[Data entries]
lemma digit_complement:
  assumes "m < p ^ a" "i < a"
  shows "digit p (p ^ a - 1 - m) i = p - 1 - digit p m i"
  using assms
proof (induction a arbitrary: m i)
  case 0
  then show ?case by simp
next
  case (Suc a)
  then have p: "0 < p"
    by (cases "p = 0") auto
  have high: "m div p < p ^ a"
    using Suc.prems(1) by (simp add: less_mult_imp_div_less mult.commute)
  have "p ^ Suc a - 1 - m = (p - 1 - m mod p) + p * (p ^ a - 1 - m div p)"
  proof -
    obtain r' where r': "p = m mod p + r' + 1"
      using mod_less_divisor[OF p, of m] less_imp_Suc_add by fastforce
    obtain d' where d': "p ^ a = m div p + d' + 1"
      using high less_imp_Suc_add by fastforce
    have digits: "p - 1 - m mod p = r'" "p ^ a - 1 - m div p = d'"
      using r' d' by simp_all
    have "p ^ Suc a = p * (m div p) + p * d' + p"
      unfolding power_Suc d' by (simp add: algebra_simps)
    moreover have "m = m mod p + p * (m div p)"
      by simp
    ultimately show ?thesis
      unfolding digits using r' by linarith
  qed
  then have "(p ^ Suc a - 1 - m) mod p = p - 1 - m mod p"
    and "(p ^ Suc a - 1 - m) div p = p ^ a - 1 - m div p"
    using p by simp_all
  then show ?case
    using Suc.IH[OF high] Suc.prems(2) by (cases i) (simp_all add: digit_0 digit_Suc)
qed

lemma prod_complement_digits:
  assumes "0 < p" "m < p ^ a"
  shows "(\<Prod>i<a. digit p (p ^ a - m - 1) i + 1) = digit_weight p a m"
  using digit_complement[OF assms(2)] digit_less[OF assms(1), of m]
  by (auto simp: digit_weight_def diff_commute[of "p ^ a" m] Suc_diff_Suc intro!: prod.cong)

...

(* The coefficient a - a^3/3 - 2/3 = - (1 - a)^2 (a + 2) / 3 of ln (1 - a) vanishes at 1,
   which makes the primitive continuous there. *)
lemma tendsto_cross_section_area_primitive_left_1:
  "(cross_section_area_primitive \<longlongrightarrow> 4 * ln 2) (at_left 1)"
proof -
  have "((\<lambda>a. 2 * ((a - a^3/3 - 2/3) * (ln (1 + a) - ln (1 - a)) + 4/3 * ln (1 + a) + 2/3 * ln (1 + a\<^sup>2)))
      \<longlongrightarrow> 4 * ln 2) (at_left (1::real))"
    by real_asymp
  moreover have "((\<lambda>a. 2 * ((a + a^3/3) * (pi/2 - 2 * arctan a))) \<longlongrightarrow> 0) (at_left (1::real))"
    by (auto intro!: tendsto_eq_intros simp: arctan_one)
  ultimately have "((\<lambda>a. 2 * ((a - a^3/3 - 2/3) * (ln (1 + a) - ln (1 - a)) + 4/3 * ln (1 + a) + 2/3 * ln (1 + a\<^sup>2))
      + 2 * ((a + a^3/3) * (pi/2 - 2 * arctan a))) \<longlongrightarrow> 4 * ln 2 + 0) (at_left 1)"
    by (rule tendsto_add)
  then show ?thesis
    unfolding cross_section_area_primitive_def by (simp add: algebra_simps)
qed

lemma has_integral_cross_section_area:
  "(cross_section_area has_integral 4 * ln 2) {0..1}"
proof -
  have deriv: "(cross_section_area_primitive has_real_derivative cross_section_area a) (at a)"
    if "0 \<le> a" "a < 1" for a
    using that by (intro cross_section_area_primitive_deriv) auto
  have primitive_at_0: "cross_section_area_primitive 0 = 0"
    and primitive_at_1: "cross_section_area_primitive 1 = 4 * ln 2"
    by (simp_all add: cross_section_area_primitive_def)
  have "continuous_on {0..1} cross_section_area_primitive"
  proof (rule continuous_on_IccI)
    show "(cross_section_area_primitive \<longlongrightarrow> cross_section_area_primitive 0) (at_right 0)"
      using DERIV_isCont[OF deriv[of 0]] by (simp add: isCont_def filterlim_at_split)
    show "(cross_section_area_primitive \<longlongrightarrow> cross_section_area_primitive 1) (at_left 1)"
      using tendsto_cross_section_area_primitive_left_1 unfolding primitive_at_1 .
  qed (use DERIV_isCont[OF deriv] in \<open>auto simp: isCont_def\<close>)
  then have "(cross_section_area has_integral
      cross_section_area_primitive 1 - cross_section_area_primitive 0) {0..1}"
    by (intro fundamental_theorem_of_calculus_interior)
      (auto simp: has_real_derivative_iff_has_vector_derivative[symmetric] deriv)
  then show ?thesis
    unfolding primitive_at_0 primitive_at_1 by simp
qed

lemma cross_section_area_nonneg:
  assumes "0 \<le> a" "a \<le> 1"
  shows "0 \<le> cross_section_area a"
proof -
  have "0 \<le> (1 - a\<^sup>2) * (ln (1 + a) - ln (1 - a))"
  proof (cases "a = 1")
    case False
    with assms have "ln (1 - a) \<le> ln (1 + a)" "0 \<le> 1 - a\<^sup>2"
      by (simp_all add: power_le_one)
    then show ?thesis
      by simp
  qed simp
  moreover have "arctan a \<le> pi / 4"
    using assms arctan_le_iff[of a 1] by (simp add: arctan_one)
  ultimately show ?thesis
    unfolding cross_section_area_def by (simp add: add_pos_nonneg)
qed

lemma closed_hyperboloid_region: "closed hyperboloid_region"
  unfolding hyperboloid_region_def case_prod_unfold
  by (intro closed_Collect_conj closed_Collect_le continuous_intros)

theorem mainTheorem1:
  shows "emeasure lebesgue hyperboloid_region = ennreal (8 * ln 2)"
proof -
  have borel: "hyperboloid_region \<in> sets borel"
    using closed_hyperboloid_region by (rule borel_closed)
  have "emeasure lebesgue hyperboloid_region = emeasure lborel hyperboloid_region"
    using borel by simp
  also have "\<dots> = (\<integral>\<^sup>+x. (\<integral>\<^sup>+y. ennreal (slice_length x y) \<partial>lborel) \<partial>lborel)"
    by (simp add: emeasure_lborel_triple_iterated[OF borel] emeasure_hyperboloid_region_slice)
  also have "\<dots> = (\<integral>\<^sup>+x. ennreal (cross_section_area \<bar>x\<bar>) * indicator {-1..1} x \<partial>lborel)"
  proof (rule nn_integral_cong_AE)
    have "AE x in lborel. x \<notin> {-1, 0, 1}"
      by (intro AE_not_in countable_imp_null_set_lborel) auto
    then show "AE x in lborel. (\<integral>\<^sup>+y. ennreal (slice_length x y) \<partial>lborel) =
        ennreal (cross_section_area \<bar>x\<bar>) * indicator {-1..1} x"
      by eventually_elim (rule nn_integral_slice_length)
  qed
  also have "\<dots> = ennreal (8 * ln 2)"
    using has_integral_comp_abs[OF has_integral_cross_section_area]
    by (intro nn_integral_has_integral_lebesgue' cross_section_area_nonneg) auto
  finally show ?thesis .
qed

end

...

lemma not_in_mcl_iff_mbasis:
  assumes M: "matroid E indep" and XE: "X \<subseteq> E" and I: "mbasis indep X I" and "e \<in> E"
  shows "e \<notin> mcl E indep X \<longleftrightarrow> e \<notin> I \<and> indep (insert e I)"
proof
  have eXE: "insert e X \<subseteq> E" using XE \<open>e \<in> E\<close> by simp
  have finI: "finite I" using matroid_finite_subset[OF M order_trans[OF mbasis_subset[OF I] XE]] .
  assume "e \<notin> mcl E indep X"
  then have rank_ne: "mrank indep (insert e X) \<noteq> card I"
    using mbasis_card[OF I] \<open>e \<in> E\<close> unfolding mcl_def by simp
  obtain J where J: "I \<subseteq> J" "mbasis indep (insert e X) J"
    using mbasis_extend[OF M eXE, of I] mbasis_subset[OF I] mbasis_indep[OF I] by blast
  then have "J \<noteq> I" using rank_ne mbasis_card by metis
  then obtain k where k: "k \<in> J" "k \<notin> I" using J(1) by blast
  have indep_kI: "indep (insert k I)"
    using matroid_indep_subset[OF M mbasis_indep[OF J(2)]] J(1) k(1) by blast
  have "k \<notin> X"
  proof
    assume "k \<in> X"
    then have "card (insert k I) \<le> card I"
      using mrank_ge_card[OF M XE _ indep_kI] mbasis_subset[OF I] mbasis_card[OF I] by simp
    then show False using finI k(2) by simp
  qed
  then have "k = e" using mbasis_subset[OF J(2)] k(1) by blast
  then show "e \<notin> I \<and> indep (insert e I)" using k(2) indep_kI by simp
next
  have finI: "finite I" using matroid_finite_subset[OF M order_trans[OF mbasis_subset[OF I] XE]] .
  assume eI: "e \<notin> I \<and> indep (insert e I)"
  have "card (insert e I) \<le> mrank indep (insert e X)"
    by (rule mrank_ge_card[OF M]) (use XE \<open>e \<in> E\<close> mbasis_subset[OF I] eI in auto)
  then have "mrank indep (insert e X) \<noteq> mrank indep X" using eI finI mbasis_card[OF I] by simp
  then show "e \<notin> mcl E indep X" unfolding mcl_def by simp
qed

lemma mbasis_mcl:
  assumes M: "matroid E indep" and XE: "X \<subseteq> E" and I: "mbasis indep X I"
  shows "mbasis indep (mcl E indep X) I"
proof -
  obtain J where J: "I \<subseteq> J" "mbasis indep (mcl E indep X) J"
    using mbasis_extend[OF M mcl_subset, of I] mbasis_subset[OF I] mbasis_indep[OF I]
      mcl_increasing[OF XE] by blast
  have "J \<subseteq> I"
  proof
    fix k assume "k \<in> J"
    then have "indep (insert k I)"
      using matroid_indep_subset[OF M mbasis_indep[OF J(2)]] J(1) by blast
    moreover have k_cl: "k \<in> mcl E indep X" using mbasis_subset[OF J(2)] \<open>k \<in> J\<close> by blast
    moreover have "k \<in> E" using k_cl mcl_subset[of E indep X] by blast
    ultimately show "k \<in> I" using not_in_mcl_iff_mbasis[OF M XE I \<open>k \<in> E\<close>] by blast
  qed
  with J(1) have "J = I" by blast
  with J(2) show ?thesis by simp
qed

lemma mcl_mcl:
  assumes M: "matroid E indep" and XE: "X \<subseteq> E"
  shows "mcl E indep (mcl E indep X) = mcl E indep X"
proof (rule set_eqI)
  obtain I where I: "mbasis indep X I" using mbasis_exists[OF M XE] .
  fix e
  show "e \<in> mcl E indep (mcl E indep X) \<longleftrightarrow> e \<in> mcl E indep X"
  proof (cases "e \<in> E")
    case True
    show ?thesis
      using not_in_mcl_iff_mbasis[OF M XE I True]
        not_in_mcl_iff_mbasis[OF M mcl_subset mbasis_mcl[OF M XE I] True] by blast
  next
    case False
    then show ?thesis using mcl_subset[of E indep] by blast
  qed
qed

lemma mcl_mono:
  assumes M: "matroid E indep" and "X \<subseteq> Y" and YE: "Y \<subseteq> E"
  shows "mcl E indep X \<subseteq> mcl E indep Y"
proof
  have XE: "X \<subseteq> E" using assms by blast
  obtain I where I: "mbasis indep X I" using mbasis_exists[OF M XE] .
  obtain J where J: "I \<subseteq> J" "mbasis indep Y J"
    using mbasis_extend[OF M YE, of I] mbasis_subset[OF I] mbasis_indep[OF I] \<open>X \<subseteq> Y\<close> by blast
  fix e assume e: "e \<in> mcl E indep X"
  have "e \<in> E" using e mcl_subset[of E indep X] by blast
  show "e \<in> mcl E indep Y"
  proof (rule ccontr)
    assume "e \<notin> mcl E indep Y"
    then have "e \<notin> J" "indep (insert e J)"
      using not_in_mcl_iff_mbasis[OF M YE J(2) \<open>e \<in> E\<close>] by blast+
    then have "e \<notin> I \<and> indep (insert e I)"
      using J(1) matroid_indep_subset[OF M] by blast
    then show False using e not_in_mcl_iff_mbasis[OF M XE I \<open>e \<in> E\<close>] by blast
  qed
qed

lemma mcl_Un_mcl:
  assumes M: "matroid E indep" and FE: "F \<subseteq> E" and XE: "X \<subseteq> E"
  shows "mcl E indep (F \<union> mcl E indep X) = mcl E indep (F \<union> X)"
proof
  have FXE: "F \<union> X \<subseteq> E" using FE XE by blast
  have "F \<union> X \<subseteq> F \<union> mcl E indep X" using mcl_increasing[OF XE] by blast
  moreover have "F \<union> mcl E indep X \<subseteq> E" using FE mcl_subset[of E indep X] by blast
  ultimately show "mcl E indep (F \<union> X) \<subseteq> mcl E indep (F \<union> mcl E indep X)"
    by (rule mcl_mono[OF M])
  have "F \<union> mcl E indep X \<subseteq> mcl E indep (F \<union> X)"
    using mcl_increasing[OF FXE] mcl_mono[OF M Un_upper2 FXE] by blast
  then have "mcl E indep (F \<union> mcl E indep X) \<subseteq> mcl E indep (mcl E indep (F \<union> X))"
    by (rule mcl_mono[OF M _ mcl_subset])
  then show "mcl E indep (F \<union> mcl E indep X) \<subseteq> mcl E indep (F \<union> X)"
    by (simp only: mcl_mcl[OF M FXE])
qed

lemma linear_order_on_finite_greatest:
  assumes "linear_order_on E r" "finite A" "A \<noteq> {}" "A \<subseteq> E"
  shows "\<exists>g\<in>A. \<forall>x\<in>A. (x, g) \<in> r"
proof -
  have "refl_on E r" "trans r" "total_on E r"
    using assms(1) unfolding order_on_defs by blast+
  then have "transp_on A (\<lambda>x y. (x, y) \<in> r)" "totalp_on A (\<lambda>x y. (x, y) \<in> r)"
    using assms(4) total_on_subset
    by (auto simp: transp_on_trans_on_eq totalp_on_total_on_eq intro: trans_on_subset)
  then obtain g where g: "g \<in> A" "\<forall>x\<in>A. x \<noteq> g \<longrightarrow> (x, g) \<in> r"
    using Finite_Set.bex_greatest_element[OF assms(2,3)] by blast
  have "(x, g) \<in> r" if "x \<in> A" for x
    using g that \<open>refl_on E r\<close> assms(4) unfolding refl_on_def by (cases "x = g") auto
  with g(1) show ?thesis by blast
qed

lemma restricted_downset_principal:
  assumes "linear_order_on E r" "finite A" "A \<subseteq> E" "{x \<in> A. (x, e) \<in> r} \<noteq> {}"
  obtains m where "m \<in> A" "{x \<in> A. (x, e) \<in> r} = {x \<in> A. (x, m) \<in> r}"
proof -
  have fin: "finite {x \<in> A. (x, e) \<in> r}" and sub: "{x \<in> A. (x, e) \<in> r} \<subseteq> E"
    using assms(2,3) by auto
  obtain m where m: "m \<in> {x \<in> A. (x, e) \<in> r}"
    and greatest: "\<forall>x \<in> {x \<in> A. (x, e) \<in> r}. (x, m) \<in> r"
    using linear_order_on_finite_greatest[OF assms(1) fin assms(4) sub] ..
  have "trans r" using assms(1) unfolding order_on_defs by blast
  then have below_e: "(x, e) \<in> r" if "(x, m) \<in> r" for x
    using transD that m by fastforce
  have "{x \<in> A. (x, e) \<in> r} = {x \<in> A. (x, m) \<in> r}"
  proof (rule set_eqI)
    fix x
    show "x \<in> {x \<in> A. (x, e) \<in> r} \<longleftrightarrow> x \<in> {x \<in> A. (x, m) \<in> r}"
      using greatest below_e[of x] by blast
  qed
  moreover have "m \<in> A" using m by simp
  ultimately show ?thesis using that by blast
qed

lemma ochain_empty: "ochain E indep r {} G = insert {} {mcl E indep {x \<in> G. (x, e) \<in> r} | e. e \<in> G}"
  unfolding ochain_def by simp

How to complete this task: Using the records above, give the count of lines with the word "False", and write nothing more.

Solution to this problem: 4